SOURCE RECORDS:
= = = =

(* Let $\widetilde{\mathfrak g}$ be an affine Kac–Moody algebra over an algebraically closed field $K$ of characteristic $0$. Then every commutative $2$-cocycle $\varphi$ on $\widetilde{\mathfrak g}$ is trivial, i.e. $\varphi([\widetilde{\mathfrak g},\widetilde{\mathfrak g}],\widetilde{\mathfrak g})=0$.
   Context: A commutative $2$-cocycle on a Lie algebra $L$ over $K$ is a symmetric bilinear form $\varphi:L\times L\to K$ such that $\varphi([x,y],z)+\varphi([z,x],y)+\varphi([y,z],x)=0$ for all $x,y,z\in L$; it is called trivial if it vanishes whenever one argument lies in $[L,L]$. Affine Kac–Moody algebras are taken in the standard realization: for a simple finite-dimensional Lie algebra $\mathfrak g=\bigoplus_{j\in\mathbb Z_n}\mathfrak g_j$ with a $\mathbb Z_n$-grading (coming from a diagram automorphism of order $n$; $n=1$ in the non-twisted case), let $L(\mathfrak g,n)=\bigoplus_{i\in\mathbb Z}\mathfrak g_{i\bmod n}\otimes t^i\subseteq\mathfrak g\otimes K[t,t^{-1}]$, let $\widehat L(\mathfrak g,n)$ be its standard non-split one-dimensional central extension, and the affine Kac–Moody algebra is $\widehat L(\mathfrak g,n)\oplus Kt\frac{d}{dt}$, where $t\frac{d}{dt}$ acts as a derivation of the Laurent polynomials. *)

theory Defs
  imports Main "HOL-Computational_Algebra.Polynomial"
begin

definition alg_closed :: "'k::field itself \<Rightarrow> bool" where
  "alg_closed _ \<longleftrightarrow> (\<forall>p :: 'k poly. degree p > 0 \<longrightarrow> (\<exists>x. poly p x = 0))"

definition lie_algebra :: "('k::field \<Rightarrow> 'g::ab_group_add \<Rightarrow> 'g) \<Rightarrow> ('g \<Rightarrow> 'g \<Rightarrow> 'g) \<Rightarrow> bool" where
  "lie_algebra scale br \<longleftrightarrow> vector_space scale
     \<and> (\<forall>x y z. br (x + y) z = br x z + br y z)
     \<and> (\<forall>a x y. br (scale a x) y = scale a (br x y))
     \<and> (\<forall>x. br x x = 0)
     \<and> (\<forall>x y z. br x (br y z) + br y (br z x) + br z (br x y) = 0)"

definition finite_dim :: "('k::field \<Rightarrow> 'g::ab_group_add \<Rightarrow> 'g) \<Rightarrow> bool" where
  "finite_dim scale \<longleftrightarrow> (\<exists>S. finite S \<and> module.span scale S = UNIV)"

definition lie_ideal :: "('k::field \<Rightarrow> 'g::ab_group_add \<Rightarrow> 'g) \<Rightarrow> ('g \<Rightarrow> 'g \<Rightarrow> 'g) \<Rightarrow> 'g set \<Rightarrow> bool" where
  "lie_ideal scale br J \<longleftrightarrow> module.subspace scale J \<and> (\<forall>x y. y \<in> J \<longrightarrow> br x y \<in> J)"

definition lie_subalgebra :: "('k::field \<Rightarrow> 'g::ab_group_add \<Rightarrow> 'g) \<Rightarrow> ('g \<Rightarrow> 'g \<Rightarrow> 'g) \<Rightarrow> 'g set \<Rightarrow> bool" where
  "lie_subalgebra scale br S \<longleftrightarrow> module.subspace scale S \<and> (\<forall>x\<in>S. \<forall>y\<in>S. br x y \<in> S)"

definition simple_fd_lie_algebra :: "('k::field \<Rightarrow> 'g::ab_group_add \<Rightarrow> 'g) \<Rightarrow> ('g \<Rightarrow> 'g \<Rightarrow> 'g) \<Rightarrow> bool" where
  "simple_fd_lie_algebra scale br \<longleftrightarrow> lie_algebra scale br \<and> finite_dim scale
     \<and> (\<exists>x y. br x y \<noteq> 0)
     \<and> (\<forall>J. lie_ideal scale br J \<longrightarrow> J = {0} \<or> J = UNIV)"

definition chevalley_generators ::
  "('k::field \<Rightarrow> 'g::ab_group_add \<Rightarrow> 'g) \<Rightarrow> ('g \<Rightarrow> 'g \<Rightarrow> 'g) \<Rightarrow> nat set \<Rightarrow> (nat \<Rightarrow> 'g) \<Rightarrow> (nat \<Rightarrow> 'g) \<Rightarrow> bool" where
  "chevalley_generators scale br I e f \<longleftrightarrow>
     (let h = (\<lambda>i. br (e i) (f i)) in
       finite I \<and> I \<noteq> {}
     \<and> (\<forall>S. lie_subalgebra scale br S \<and> e ` I \<union> f ` I \<subseteq> S \<longrightarrow> S = UNIV)
     \<and> inj_on h I \<and> \<not> module.dependent scale (h ` I)
     \<and> (\<forall>i\<in>I. \<forall>j\<in>I. i \<noteq> j \<longrightarrow> br (e i) (f j) = 0)
     \<and> (\<forall>i\<in>I. \<forall>j\<in>I. br (h i) (h j) = 0)
     \<and> (\<exists>A :: nat \<Rightarrow> nat \<Rightarrow> int. \<forall>i\<in>I. \<forall>j\<in>I.
           A i i = 2
         \<and> (i \<noteq> j \<longrightarrow> A i j \<le> 0 \<and> (A i j = 0 \<longleftrightarrow> A j i = 0))
         \<and> br (h i) (e j) = scale (of_int (A i j)) (e j)
         \<and> br (h i) (f j) = scale (- of_int (A i j)) (f j)))"

definition lie_automorphism :: "('k::field \<Rightarrow> 'g::ab_group_add \<Rightarrow> 'g) \<Rightarrow> ('g \<Rightarrow> 'g \<Rightarrow> 'g) \<Rightarrow> ('g \<Rightarrow> 'g) \<Rightarrow> bool" where
  "lie_automorphism scale br \<sigma> \<longleftrightarrow> bij \<sigma>
     \<and> (\<forall>x y. \<sigma> (x + y) = \<sigma> x + \<sigma> y) \<and> (\<forall>a x. \<sigma> (scale a x) = scale a (\<sigma> x))
     \<and> (\<forall>x y. \<sigma> (br x y) = br (\<sigma> x) (\<sigma> y))"

definition diagram_automorphism :: "('k::field \<Rightarrow> 'g::ab_group_add \<Rightarrow> 'g) \<Rightarrow> ('g \<Rightarrow> 'g \<Rightarrow> 'g) \<Rightarrow> ('g \<Rightarrow> 'g) \<Rightarrow> nat \<Rightarrow> bool" where
  "diagram_automorphism scale br \<sigma> n \<longleftrightarrow> lie_automorphism scale br \<sigma>
     \<and> n > 0 \<and> \<sigma> ^^ n = id \<and> (\<forall>k. 0 < k \<and> k < n \<longrightarrow> \<sigma> ^^ k \<noteq> id)
     \<and> (\<exists>I e f \<pi>. chevalley_generators scale br I e f \<and> bij_betw \<pi> I I
          \<and> (\<forall>i\<in>I. \<sigma> (e i) = e (\<pi> i) \<and> \<sigma> (f i) = f (\<pi> i)))"

definition primitive_root :: "'k::field \<Rightarrow> nat \<Rightarrow> bool" where
  "primitive_root \<epsilon> n \<longleftrightarrow> n > 0 \<and> \<epsilon> ^ n = 1 \<and> (\<forall>k. 0 < k \<and> k < n \<longrightarrow> \<epsilon> ^ k \<noteq> 1)"
(* Let $\mathcal{D}$ be a dyadic grid and $j\in\mathbb{Z}_+$. There exists $C>0$, independent of $j$ and $f$, such that for every $f\in L^1(\mathbb{R}^d)$, \[ \sup_{\lambda>0}\lambda\,\big|\{x\in\mathbb{R}^d: S_j^{\mathcal{D}}f(x)>\lambda\}\big|\le C(1+j)\|f\|_{L^1}, \] where $\big(S_j^{\mathcal{D}}f(x)\big)^2=\sum_{Q\in\mathcal{D}}\sum_{P\in\mathcal{D},\,P\subset Q,\,\ell P=2^{-j}\ell Q}\frac{\langle f,h_P\rangle^2}{|P|}\mathbf{1}_P(x)$. In particular $\|S_j^{\mathcal{D}}\|_{L^1\to L^{1,\infty}}$ grows at most polynomially in $j$.
   Context: A dyadic grid is the standard grid $\bigcup_j\{2^{-j}([0,1)^d+m):m\in\mathbb{Z}^d\}$ or a translate of it by $\omega\in(\{0,1\}^d)^{\mathbb{Z}}$. For a dyadic cube $P=P_1\times\dots\times P_d$, the Haar functions are $h_P^\epsilon=\prod_ih_{P_i}^{\epsilon_i}$, $\epsilon\in\{0,1\}^d\setminus\{0\}^d$, where $h_I^0=|I|^{-1/2}\mathbf{1}_I$, $h_I^1=|I|^{-1/2}(\mathbf{1}_{I^-}-\mathbf{1}_{I^+})$; $\langle f,h_P\rangle^2:=\sum_\epsilon\langle f,h_P^\epsilon\rangle^2$. *)

theory Defs
  imports "HOL-Analysis.Analysis"
begin

text \<open>Dimension d = CARD('n); points of R^d are of type real^'n.
  A dyadic grid is parametrised by omega :: int => ('n => bool), i.e. omega in ({0,1}^d)^Z
  (True = 1). The standard grid is omega = (\<lambda>_ _. False).\<close>

definition sidelen :: "int \<Rightarrow> real" where
  "sidelen k = 2 powr (- real_of_int k)"

definition grid_shift :: "(int \<Rightarrow> 'n \<Rightarrow> bool) \<Rightarrow> int \<Rightarrow> 'n \<Rightarrow> real" where
  "grid_shift \<omega> k i = (\<Sum>n. 2 powr (- real_of_int (k + 1 + int n)) *
                           (if \<omega> (k + 1 + int n) i then 1 else 0))"

definition cube_corner :: "(int \<Rightarrow> 'n \<Rightarrow> bool) \<Rightarrow> int \<Rightarrow> ('n \<Rightarrow> int) \<Rightarrow> 'n \<Rightarrow> real" where
  "cube_corner \<omega> k m i = sidelen k * real_of_int (m i) + grid_shift \<omega> k i"

definition dcube :: "(int \<Rightarrow> 'n \<Rightarrow> bool) \<Rightarrow> int \<Rightarrow> ('n \<Rightarrow> int) \<Rightarrow> (real^'n) set" where
  "dcube \<omega> k m = {x. \<forall>i. cube_corner \<omega> k m i \<le> x $ i \<and> x $ i < cube_corner \<omega> k m i + sidelen k}"

definition cube_vol :: "int \<Rightarrow> real" where
  "cube_vol k = sidelen k ^ CARD('n)" for dummy :: "'n itself"

definition haar1 :: "real \<Rightarrow> real \<Rightarrow> bool \<Rightarrow> real \<Rightarrow> real" where
  "haar1 a l e t = l powr (-1/2) *
     (if e then indicator {a..<a + l/2} t - indicator {a + l/2..<a + l} t
      else indicator {a..<a + l} t)"

definition haar :: "(int \<Rightarrow> 'n::finite \<Rightarrow> bool) \<Rightarrow> int \<Rightarrow> ('n \<Rightarrow> int) \<Rightarrow> ('n \<Rightarrow> bool) \<Rightarrow> real^'n \<Rightarrow> real" where
  "haar \<omega> k m \<epsilon> x = (\<Prod>i\<in>UNIV. haar1 (cube_corner \<omega> k m i) (sidelen k) (\<epsilon> i) (x $ i))"

definition haar_coeff_sq :: "(int \<Rightarrow> 'n::finite \<Rightarrow> bool) \<Rightarrow> (real^'n \<Rightarrow> real) \<Rightarrow> int \<Rightarrow> ('n \<Rightarrow> int) \<Rightarrow> real" where
  "haar_coeff_sq \<omega> f k m =
     (\<Sum>\<epsilon> \<in> {\<epsilon>::'n \<Rightarrow> bool. \<epsilon> \<noteq> (\<lambda>_. False)}.
        (integral\<^sup>L lebesgue (\<lambda>x. f x * haar \<omega> k m \<epsilon> x))\<^sup>2)"

definition esqrt :: "ennreal \<Rightarrow> ennreal" where
  "esqrt s = (if s = top then top else ennreal (sqrt (enn2real s)))"

text \<open>(S_j f(x))^2 = sum_{Q in D} sum_{P in D, P subset Q, l(P) = 2^(-j) l(Q)} <f,h_P>^2/|P| 1_P(x).
  Cubes are indexed by (generation, integer index); Q = (k, m), P = (k', m').\<close>
definition Sj :: "(int \<Rightarrow> 'n::finite \<Rightarrow> bool) \<Rightarrow> nat \<Rightarrow> (real^'n \<Rightarrow> real) \<Rightarrow> real^'n \<Rightarrow> ennreal" where
  "Sj \<omega> j f x = esqrt (\<Sum>\<^sub>\<infinity> (Q, P) \<in>
       {((k, m), (k', m')). dcube \<omega> k' m' \<subseteq> dcube \<omega> k m \<and>
                            sidelen k' = 2 powr (- real j) * sidelen k}.
       ennreal (haar_coeff_sq \<omega> f (fst P) (snd P) / cube_vol TYPE('n) (fst P))
         * indicator (dcube \<omega> (fst P) (snd P)) x)"

end

(*
  Every dyadic cube P has exactly one ancestor Q with side length 2^j times that of P, so S_j f is
  dominated pointwise by the full dyadic square function S f = (sum_P <f,h_P>^2 / |P| 1_P)^(1/2), and
  it suffices to show that S is of weak type (1,1); the resulting constant 1 + 2^d does not depend on j.

  Fix lam > 0 and stop at the dyadic cubes on which the average of |f| exceeds lam. The maximal stopped
  cubes are disjoint and cover Omega, the union of all stopped cubes, so |Omega| <= ||f||_1 / lam. Off
  Omega only good cubes (no ancestor stopped) contribute to S f. For every cube Q, Parseval's identity
  on the span of the indicators of its children gives
    <f,h_Q>^2 + (int_Q f)^2 / |Q| = sum over the children R of Q of (int_R f)^2 / |R|,
  which telescopes when summed over the good cubes of successive generations. What remains are the
  energies (int_R f)^2 / |R| of disjoint cubes R whose parent is not stopped, each at most
  2^d lam int_R |f|. Hence the integral of (S f)^2 over the complement of Omega is at most
  2^d lam ||f||_1, and Chebyshev's inequality gives |{S f > lam}| <= (1 + 2^d) ||f||_1 / lam.
*)

theory Submission
  imports Defs
begin

(* The library fact summable_on_ennreal is, through an implicit coercion, only about
   enat-valued functions. *)
lemma ennreal_summable_on [simp]: "(g :: 'a \<Rightarrow> ennreal) summable_on A"
  by (rule nonneg_summable_on_complete) simp

lemma sum_le_infsum_ennreal:
  fixes g :: "'a \<Rightarrow> ennreal"
  assumes "finite F" and "F \<subseteq> A"
  shows "sum g F \<le> infsum g A"
proof -
  have "sum g F = infsum g F"
    using assms(1) by simp
  also have "\<dots> \<le> infsum g A"
    by (rule infsum_mono_neutral) (use assms(2) in auto)
  finally show ?thesis .
qed

lemma infsum_ennreal_SUP_from_nat:
  fixes g :: "'a::countable \<Rightarrow> ennreal"
  shows "infsum g UNIV = (SUP n. \<Sum>x\<in>from_nat ` {..<n}. g x)"
proof (rule antisym)
  show "infsum g UNIV \<le> (SUP n. \<Sum>x\<in>from_nat ` {..<n}. g x)"
  proof (rule infsum_le_finite_sums)
    fix F :: "'a set" assume "finite F"
    define n where "n = Suc (Max (insert 0 (to_nat ` F)))"
    have "F \<subseteq> from_nat ` {..<n}"
    proof
      fix x assume "x \<in> F"
      then have "to_nat x < n"
        unfolding n_def using \<open>finite F\<close> by (simp add: le_imp_less_Suc)
      then show "x \<in> from_nat ` {..<n}"
        by (intro image_eqI[of _ _ "to_nat x"]) auto
    qed
    then have "sum g F \<le> (\<Sum>x\<in>from_nat ` {..<n}. g x)"
      by (intro sum_mono2) auto
    also have "\<dots> \<le> (SUP n. \<Sum>x\<in>from_nat ` {..<n}. g x)"
      by (rule SUP_upper) simp
    finally show "sum g F \<le> (SUP n. \<Sum>x\<in>from_nat ` {..<n}. g x)" .
  qed simp
  show "(SUP n. \<Sum>x\<in>from_nat ` {..<n}. g x) \<le> infsum g UNIV"
    by (rule SUP_least, rule sum_le_infsum_ennreal) auto
qed

lemma borel_measurable_infsum_ennreal[measurable (raw)]:
  fixes g :: "'a::countable \<Rightarrow> 'b \<Rightarrow> ennreal"
  assumes [measurable]: "\<And>i. g i \<in> borel_measurable M"
  shows "(\<lambda>x. infsum (\<lambda>i. g i x) UNIV) \<in> borel_measurable M"
  unfolding infsum_ennreal_SUP_from_nat by measurable

lemma nn_integral_infsum:
  fixes g :: "'a::countable \<Rightarrow> 'b \<Rightarrow> ennreal"
  assumes [measurable]: "\<And>i. g i \<in> borel_measurable M"
  shows "(\<integral>\<^sup>+x. infsum (\<lambda>i. g i x) UNIV \<partial>M) = infsum (\<lambda>i. \<integral>\<^sup>+x. g i x \<partial>M) UNIV"
proof -
  have "incseq (\<lambda>n x. \<Sum>i\<in>from_nat ` {..<n}. g i x)"
    by (intro incseq_SucI le_funI sum_mono2) auto
  then have "(\<integral>\<^sup>+x. (SUP n. \<Sum>i\<in>from_nat ` {..<n}. g i x) \<partial>M)
      = (SUP n. \<integral>\<^sup>+x. (\<Sum>i\<in>from_nat ` {..<n}. g i x) \<partial>M)"
    by (intro nn_integral_monotone_convergence_SUP) measurable
  also have "\<dots> = (SUP n. \<Sum>i\<in>from_nat ` {..<n}. \<integral>\<^sup>+x. g i x \<partial>M)"
    by (intro SUP_cong refl nn_integral_sum) auto
  finally show ?thesis
    unfolding infsum_ennreal_SUP_from_nat .
qed

lemma infsum_cmult_ennreal:
  fixes g :: "'a::countable \<Rightarrow> ennreal"
  shows "infsum (\<lambda>x. c * g x) UNIV = c * infsum g UNIV"
  unfolding infsum_ennreal_SUP_from_nat sum_distrib_left[symmetric]
  by (rule SUP_mult_left_ennreal[symmetric])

= = = =

EXERCISE GOAL: Which of the lines in the data hold the string "intro"? Report each of them by copying it.

EXPECTED ANSWER:
        by (intro image_eqI[of _ _ "to_nat x"]) auto
      by (intro sum_mono2) auto
    by (intro incseq_SucI le_funI sum_mono2) auto
    by (intro nn_integral_monotone_convergence_SUP) measurable
    by (intro SUP_cong refl nn_integral_sum) auto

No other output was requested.